The government creates market imbalances between buyers and sellers.

Prohibition. For the Children! Who wins? Crime and the State. Who loses? The People.

Radical Marijuana's picture

Banksters were able to skim the cream of the profits from making drugs illegal.

"Drugs are illegal becaue they make more money."

"Cocaine should cheaper to produce than sucrose."

Cordeezy's picture

cheap labor from Venezuela allowing for record profits.

Burltron's picture

Trump is a moron here.  Its real simple. The war on drugs can't ever be won therefore is an exercise in futility.  Waste of money and lives.

Sonny Brakes's picture

Like time, money is easy to waste when they're wasting yours.
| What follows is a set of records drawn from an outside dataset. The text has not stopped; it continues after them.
(* For $i\in\{1,2\}$ let $\mathcal{R}_i=(X_i,\Phi_i,\check X_i,\check\Phi_i)$ be a semisimple root datum, $\mathcal{T}_i=(T_i,\emptyset,\check T_i,\emptyset)$ a torus, $A_i$ a finite $\mathbb{Z}$-module with surjections $h_i:X_i\to A_i$ (with $\Phi_i\subseteq\ker h_i$) and $f_i:T_i\to A_i$, and let $\mathcal{R}_i'=\mathcal{R}_i\oplus_{(A_i,h_i,f_i)}\mathcal{T}_i=(B_i,\Phi_i',\check B_i,\check\Phi_i')$. If $\zeta:\mathcal{R}_1'\to\mathcal{R}_2'$ is a $p$-morphism (with $\zeta:B_1\to B_2$), then there exist $p$-morphisms $\zeta_1:\mathcal{R}_1\to\mathcal{R}_2$ (with $\zeta_1:X_1\to X_2$) and $\zeta_2:\mathcal{T}_1\to\mathcal{T}_2$ (with $\zeta_2:T_1\to T_2$) and a group homomorphism $\zeta_3:A_1\to A_2$ such that (a) $\zeta=(\zeta_1\oplus\zeta_2)|_{B_1}$; (b) $\zeta_3\circ h_1=h_2\circ\zeta_1$; (c) $\zeta_3\circ f_1=f_2\circ\zeta_2$. In particular $\zeta_1(\ker h_1)\subseteq\ker h_2$. If $\zeta$ is an isomorphism then so are $\zeta_1,\zeta_2,\zeta_3$, and $\zeta_1(\ker h_1)=\ker h_2$.
   Context: Root data are reduced quadruples $(X,\Phi,\check X,\check\Phi)$ with perfect pairing; torus = no roots; semisimple means $\mathbb{Q}\Phi=\mathbb{Q}\otimes X$. Fix $p\ge0$ (a prime or $0$). Here a $p$-morphism written $\mathcal{R}\to\mathcal{R}'$ with $\mathcal{R}=(X,\Phi,\dots)$, $\mathcal{R}'=(X',\Phi',\dots)$ means a $\mathbb{Z}$-linear map $g:X\to X'$ together with a function $q:\Phi'\to\{p^n:n\ge0\}$ ($q\equiv1$ if $p=0$) and a bijection $\tau:\Phi'\to\Phi$ with $g(\tau(\alpha))=q(\alpha)\alpha$ and $\check g(\check\alpha)=q(\alpha)\tau(\alpha)^\vee$ for all $\alpha\in\Phi'$, where $\check g:\check X'\to\check X$ is the transpose. Central product $\mathcal{R}\oplus_{(A,h,f)}\mathcal{T}$: the root datum induced from the direct sum $\mathcal{R}\oplus\mathcal{T}$ by the submodule $X\oplus_A T=\{(x,t)\in X\oplus T: h(x)=f(t)\}$, i.e. with lattice $X\oplus_A T$, roots $\{(\alpha,0):\alpha\in\Phi\}$, dual lattice $\mathrm{Hom}(X\oplus_A T,\mathbb{Z})$ and coroots the restrictions of $(\check\alpha,0)$. *)

theory Defs
  imports Main "HOL-Library.Product_Plus" "HOL-Computational_Algebra.Primes"
begin

definition zsc :: "int \<Rightarrow> 'a::ab_group_add \<Rightarrow> 'a" where
  "zsc k x = (if 0 \<le> k then (\<Sum>_<nat k. x) else - (\<Sum>_<nat (-k). x))"

definition zsubgroup :: "'a::ab_group_add set \<Rightarrow> bool" where
  "zsubgroup L \<longleftrightarrow> 0 \<in> L \<and> (\<forall>x\<in>L. \<forall>y\<in>L. x + y \<in> L) \<and> (\<forall>x\<in>L. - x \<in> L)"

definition zlattice :: "'a::ab_group_add set \<Rightarrow> bool" where
  "zlattice L \<longleftrightarrow> zsubgroup L \<and>
     (\<exists>(n::nat) (b::nat \<Rightarrow> 'a). (\<forall>i<n. b i \<in> L) \<and>
        (\<forall>x\<in>L. \<exists>!c::nat \<Rightarrow> int. (\<forall>i\<ge>n. c i = 0) \<and> x = (\<Sum>i<n. zsc (c i) (b i))))"

definition zhom :: "'a::ab_group_add set \<Rightarrow> 'b::ab_group_add set \<Rightarrow> ('a \<Rightarrow> 'b) \<Rightarrow> bool" where
  "zhom L L' g \<longleftrightarrow> g ` L \<subseteq> L' \<and> (\<forall>x\<in>L. \<forall>y\<in>L. g (x + y) = g x + g y)"

text \<open>Z-linear functionals on L (elements of the dual lattice Hom(L,Z), compared on L).\<close>
definition zfunctional :: "'a::ab_group_add set \<Rightarrow> ('a \<Rightarrow> int) \<Rightarrow> bool" where
  "zfunctional L \<phi> \<longleftrightarrow> (\<forall>x\<in>L. \<forall>y\<in>L. \<phi> (x + y) = \<phi> x + \<phi> y)"

definition zspan :: "'a::ab_group_add set \<Rightarrow> 'a set" where
  "zspan S = {y. \<exists>F c. finite F \<and> F \<subseteq> S \<and> y = (\<Sum>a\<in>F. zsc (c a) a)}"

text \<open>A (reduced) root datum (X, Phi, Hom(X,Z), {cor a | a in Phi}); the dual lattice is
  Hom(X,Z) with the evaluation pairing (perfect pairing), and cor a is the coroot of a.\<close>
definition root_datum :: "'a::ab_group_add set \<Rightarrow> 'a set \<Rightarrow> ('a \<Rightarrow> 'a \<Rightarrow> int) \<Rightarrow> bool" where
  "root_datum X \<Phi> cor \<longleftrightarrow>
     zlattice X \<and> finite \<Phi> \<and> \<Phi> \<subseteq> X \<and>
     (\<forall>\<alpha>\<in>\<Phi>. zfunctional X (cor \<alpha>)) \<and>
     (\<forall>\<alpha>\<in>\<Phi>. cor \<alpha> \<alpha> = 2) \<and>
     (\<forall>\<alpha>\<in>\<Phi>. \<forall>\<beta>\<in>\<Phi>. \<beta> - zsc (cor \<alpha> \<beta>) \<alpha> \<in> \<Phi>) \<and>
     (\<forall>\<alpha>\<in>\<Phi>. \<forall>\<beta>\<in>\<Phi>. \<exists>\<gamma>\<in>\<Phi>. \<forall>x\<in>X. cor \<gamma> x = cor \<beta> x - cor \<beta> \<alpha> * cor \<alpha> x) \<and>
     (\<forall>\<alpha>\<in>\<Phi>. \<forall>\<beta>\<in>\<Phi>. (\<forall>x\<in>X. cor \<alpha> x = cor \<beta> x) \<longrightarrow> \<alpha> = \<beta>)"

definition reduced :: "'a::ab_group_add set \<Rightarrow> bool" where
  "reduced \<Phi> \<longleftrightarrow> (\<forall>\<alpha>\<in>\<Phi>. \<forall>\<beta>\<in>\<Phi>. \<forall>m n::int. n \<noteq> 0 \<and> zsc n \<beta> = zsc m \<alpha> \<longrightarrow> \<beta> = \<alpha> \<or> \<beta> = - \<alpha>)"

definition reduced_root_datum :: "'a::ab_group_add set \<Rightarrow> 'a set \<Rightarrow> ('a \<Rightarrow> 'a \<Rightarrow> int) \<Rightarrow> bool" where
  "reduced_root_datum X \<Phi> cor \<longleftrightarrow> root_datum X \<Phi> cor \<and> reduced \<Phi>"

text \<open>Semisimple: Q Phi = Q (x) X, i.e. every x in X has a nonzero multiple in the Z-span of Phi.\<close>
definition semisimple :: "'a::ab_group_add set \<Rightarrow> 'a set \<Rightarrow> bool" where
  "semisimple X \<Phi> \<longleftrightarrow> (\<forall>x\<in>X. \<exists>n::int. n \<noteq> 0 \<and> zsc n x \<in> zspan \<Phi>)"

definition no_coroots :: "'a \<Rightarrow> 'a \<Rightarrow> int" where
  "no_coroots = (\<lambda>_ _. 0)"

definition torus :: "'a::ab_group_add set \<Rightarrow> bool" where
  "torus T \<longleftrightarrow> reduced_root_datum T {} no_coroots"

definition cp_lattice :: "'x::ab_group_add set \<Rightarrow> 't::ab_group_add set \<Rightarrow> ('x \<Rightarrow> 'a) \<Rightarrow> ('t \<Rightarrow> 'a) \<Rightarrow> ('x \<times> 't) set" where
  "cp_lattice X T h f = {(x, t). x \<in> X \<and> t \<in> T \<and> h x = f t}"

definition cp_roots :: "'x set \<Rightarrow> ('x \<times> 't::ab_group_add) set" where
  "cp_roots \<Phi> = (\<lambda>\<alpha>. (\<alpha>, 0)) ` \<Phi>"

text \<open>Coroots of the central product: restrictions of (cor a, 0) to the sublattice.\<close>
definition cp_coroots :: "('x \<Rightarrow> 'x \<Rightarrow> int) \<Rightarrow> ('x \<times> 't) \<Rightarrow> ('x \<times> 't) \<Rightarrow> int" where
  "cp_coroots cor = (\<lambda>\<beta> y. cor (fst \<beta>) (fst y))"

definition p_powers :: "nat \<Rightarrow> nat set" where
  "p_powers p = (if p = 0 then {1} else range (\<lambda>n. p ^ n))"

text \<open>A p-morphism (X,Phi,cor) -> (X',Phi',cor') given by g : X -> X', q : Phi' -> p-powers,
  bijection tau : Phi' -> Phi with g(tau a) = q(a) a and (transpose g)(cor' a) = q(a) cor(tau a).\<close>
definition p_morphism ::
  "nat \<Rightarrow> 'a::ab_group_add set \<Rightarrow> 'a set \<Rightarrow> ('a \<Rightarrow> 'a \<Rightarrow> int) \<Rightarrow>
   'b::ab_group_add set \<Rightarrow> 'b set \<Rightarrow> ('b \<Rightarrow> 'b \<Rightarrow> int) \<Rightarrow>
   ('a \<Rightarrow> 'b) \<Rightarrow> ('b \<Rightarrow> nat) \<Rightarrow> ('b \<Rightarrow> 'a) \<Rightarrow> bool" where
  "p_morphism p X \<Phi> cor X' \<Phi>' cor' g q \<tau> \<longleftrightarrow>
     zhom X X' g \<and>
     (\<forall>\<alpha>\<in>\<Phi>'. q \<alpha> \<in> p_powers p) \<and>
     bij_betw \<tau> \<Phi>' \<Phi> \<and>
     (\<forall>\<alpha>\<in>\<Phi>'. g (\<tau> \<alpha>) = zsc (int (q \<alpha>)) \<alpha>) \<and>
     (\<forall>\<alpha>\<in>\<Phi>'. \<forall>x\<in>X. cor' \<alpha> (g x) = int (q \<alpha>) * cor (\<tau> \<alpha>) x)"

definition is_p_morphism ::
  "nat \<Rightarrow> 'a::ab_group_add set \<Rightarrow> 'a set \<Rightarrow> ('a \<Rightarrow> 'a \<Rightarrow> int) \<Rightarrow>
   'b::ab_group_add set \<Rightarrow> 'b set \<Rightarrow> ('b \<Rightarrow> 'b \<Rightarrow> int) \<Rightarrow> ('a \<Rightarrow> 'b) \<Rightarrow> bool" where
  "is_p_morphism p X \<Phi> cor X' \<Phi>' cor' g \<longleftrightarrow> (\<exists>q \<tau>. p_morphism p X \<Phi> cor X' \<Phi>' cor' g q \<tau>)"

definition p_isomorphism ::
  "nat \<Rightarrow> 'a::ab_group_add set \<Rightarrow> 'a set \<Rightarrow> ('a \<Rightarrow> 'a \<Rightarrow> int) \<Rightarrow>
   'b::ab_group_add set \<Rightarrow> 'b set \<Rightarrow> ('b \<Rightarrow> 'b \<Rightarrow> int) \<Rightarrow> ('a \<Rightarrow> 'b) \<Rightarrow> bool" where
  "p_isomorphism p X \<Phi> cor X' \<Phi>' cor' g \<longleftrightarrow>
     is_p_morphism p X \<Phi> cor X' \<Phi>' cor' g \<and>
     (\<exists>g'. is_p_morphism p X' \<Phi>' cor' X \<Phi> cor g' \<and>
        (\<forall>x\<in>X. g' (g x) = x) \<and> (\<forall>y\<in>X'. g (g' y) = y))"

definition zker :: "'a set \<Rightarrow> ('a \<Rightarrow> 'b::zero) \<Rightarrow> 'a set" where
  "zker X h = {x \<in> X. h x = 0}"

end

theory Submission
  imports Defs
begin

text \<open>
  Write \<open>B\<^sub>i\<close> for the central product lattice \<open>X\<^sub>i \<oplus>\<^sub>A T\<^sub>i\<close>. Its projections onto \<open>X\<^sub>1\<close> and \<open>T\<^sub>1\<close> are
  surjective with kernels \<open>0 \<times> ker f\<^sub>1\<close> and \<open>ker h\<^sub>1 \<times> 0\<close>, so \<open>\<zeta>\<close> splits as \<open>\<zeta>\<^sub>1 \<oplus> \<zeta>\<^sub>2\<close> once
  \<open>\<zeta>\<close> maps the first kernel into \<open>0 \<times> T\<^sub>2\<close> and the second into \<open>X\<^sub>2 \<times> 0\<close>.
  For \<open>(0, t)\<close> all coroots vanish, hence so do all coroots at \<open>\<zeta>(0, t)\<close>. In a semisimple root
  datum the coroots separate points: each root \<open>\<alpha>\<close> is a multiple of \<open>\<Sum>\<^sub>\<beta> \<langle>\<beta>, \<alpha>\<^sup>\<or>\<rangle> \<beta>\<close>, so a
  nonzero multiple of \<open>x \<in> \<int>\<Phi>\<close> is \<open>\<Sum>\<^sub>\<beta> \<lambda>\<^sub>\<beta> \<beta>\<close> with \<open>\<lambda>\<^sub>\<beta> = \<Sum>\<^sub>\<alpha> \<mu>\<^sub>\<alpha> \<langle>\<beta>, \<alpha>\<^sup>\<or>\<rangle>\<close>, and then
  \<open>\<Sum>\<^sub>\<beta> \<lambda>\<^sub>\<beta>\<^sup>2 = \<Sum>\<^sub>\<alpha> \<mu>\<^sub>\<alpha> \<langle>x, \<alpha>\<^sup>\<or>\<rangle>\<close>. Hence the \<open>X\<^sub>2\<close>-component of \<open>\<zeta>(0, t)\<close> is zero.
  For \<open>x \<in> ker h\<^sub>1\<close>, a nonzero multiple of \<open>(x, 0)\<close> is an integral combination of roots,
  which \<open>\<zeta>\<close> sends to multiples of roots \<open>(\<beta>, 0)\<close>; as \<open>T\<^sub>2\<close> is torsion-free, the \<open>T\<^sub>2\<close>-component of \<open>\<zeta>(x, 0)\<close> is zero. Then \<open>\<zeta>\<^sub>1(ker h\<^sub>1) \<subseteq> ker h\<^sub>2\<close>, so \<open>\<zeta>\<^sub>1\<close>
  induces \<open>\<zeta>\<^sub>3\<close> on \<open>A\<^sub>1 = X\<^sub>1 / ker h\<^sub>1\<close>. If \<open>\<zeta>\<close> is an isomorphism, decomposing its inverse in the
  same way yields inverses of \<open>\<zeta>\<^sub>1, \<zeta>\<^sub>2, \<zeta>\<^sub>3\<close>.
\<close>

lemma zsc_zero_left [simp]: "zsc 0 x = 0"
  by (simp add: zsc_def)

lemma zsc_minus_left: "zsc (- k) x = - zsc k x"
  by (auto simp: zsc_def)

lemma zsc_plus_one: "zsc (k + 1) x = zsc k x + x"
proof (cases "0 \<le> k")
  case True
  then have "nat (k + 1) = Suc (nat k)" by simp
  with True show ?thesis by (simp add: zsc_def)
next
  case False
  then have "nat (- k) = Suc (nat (- (k + 1)))" by simp
  with False show ?thesis by (cases "k = -1") (simp_all add: zsc_def)
qed

lemma zsc_one [simp]: "zsc 1 x = x"
  using zsc_plus_one[of 0 x] by simp

lemma zsc_minus_one: "zsc (k - 1) x = zsc k x - x"
  using zsc_plus_one[of "k - 1" x] by simp

lemma zsc_add_left: "zsc (k + l) x = zsc k x + zsc l x"
proof (induction l rule: int_induct[where k = 0])
  case (step1 i)
  then show ?case by (simp add: zsc_plus_one flip: add.assoc)
next
  case (step2 i)
  then show ?case using zsc_minus_one[of "k + i" x] zsc_minus_one[of i x] by (simp add: diff_add_eq add_diff_eq)
qed simp

lemma zsc_diff_left: "zsc (k - l) x = zsc k x - zsc l x"
  using zsc_add_left[of k "- l" x] by (simp add: zsc_minus_left)

lemma zsc_add_right: "zsc k (x + y) = zsc k x + zsc k y"
  by (induction k rule: int_induct[where k = 0]) (simp_all add: zsc_plus_one zsc_minus_one algebra_simps)

lemma zsc_zero_right [simp]: "zsc k 0 = 0"
  using zsc_add_right[of k 0 0] by simp

lemma zsc_minus_right: "zsc k (- x) = - zsc k x"
  using zsc_add_right[of k x "- x"] by (simp add: eq_neg_iff_add_eq_0 add.commute)

lemma zsc_diff_right: "zsc k (x - y) = zsc k x - zsc k y"
  using zsc_add_right[of k x "- y"] by (simp add: zsc_minus_right)

lemma zsc_zsc: "zsc k (zsc l x) = zsc (k * l) x"
  by (induction k rule: int_induct[where k = 0])
    (simp_all add: zsc_plus_one zsc_minus_one zsc_add_left zsc_diff_left distrib_right left_diff_distrib)

lemma zsc_sum_right: "zsc k (\<Sum>i\<in>A. f i) = (\<Sum>i\<in>A. zsc k (f i))"
  by (induction A rule: infinite_finite_induct) (simp_all add: zsc_add_right)

lemma zsc_sum_left: "zsc (\<Sum>i\<in>A. f i) x = (\<Sum>i\<in>A. zsc (f i) x)"
  by (induction A rule: infinite_finite_induct) (simp_all add: zsc_add_left)

lemma zsc_int: "zsc k (n :: int) = k * n"
  by (induction k rule: int_induct[where k = 0]) (simp_all add: zsc_plus_one zsc_minus_one algebra_simps)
Ignorance is bliss's picture

I think you miss the point. The point is war..not winning the war.The war footing, the contracts, the money. Those are the points.

css1971's picture

That War On Drugs.

Awesomly effective!

It's almost as if it's not meant to be effective... As if it has a different purpose.

SillySalesmanQuestion's picture

The 40 year "War on Drugs," has been a monumental success...


TheLastTrump's picture

Put that shit on sale then, let the party begin!

JohnG's picture

Finally, the first relatively good news in weeks.

e_goldstein's picture

Wall Steet should be happy there will be snow at Christmas.

pparalegal's picture

But globalization and offshoring is good. If US corporations control it.

tripletail's picture

Another bumper crop for the CIA. /s

mtkd's picture

Re-evaluating my bail out location - on this data point.

Vageling's picture

LoL! Mr. "Montana" was from GuuBaa, not Blowlumbia. But this ain't news. That so called war on drugs created so many more drugs. 

peddling-fiction's picture

Castro threw out the criminal scum. Marielitos...

MaxThrust's picture

I am 60 and now retired. I would like to try some of that Banker dust.

Indelible Scars's picture

Do it. It's pretty cool but it's short lived. I haven't tried any for about 20 years. Well, maybe more. Guess I didn't get the 'hooked' memo back then. I did know some guys that fucked their lives up bad though.

sheikurbootie's picture

I watched a group of friends in college fall into the cocaine snow drift in the mid-80's.  They never recovered and ruined their lives.  None of them crawled out of the hole they dug for themselves.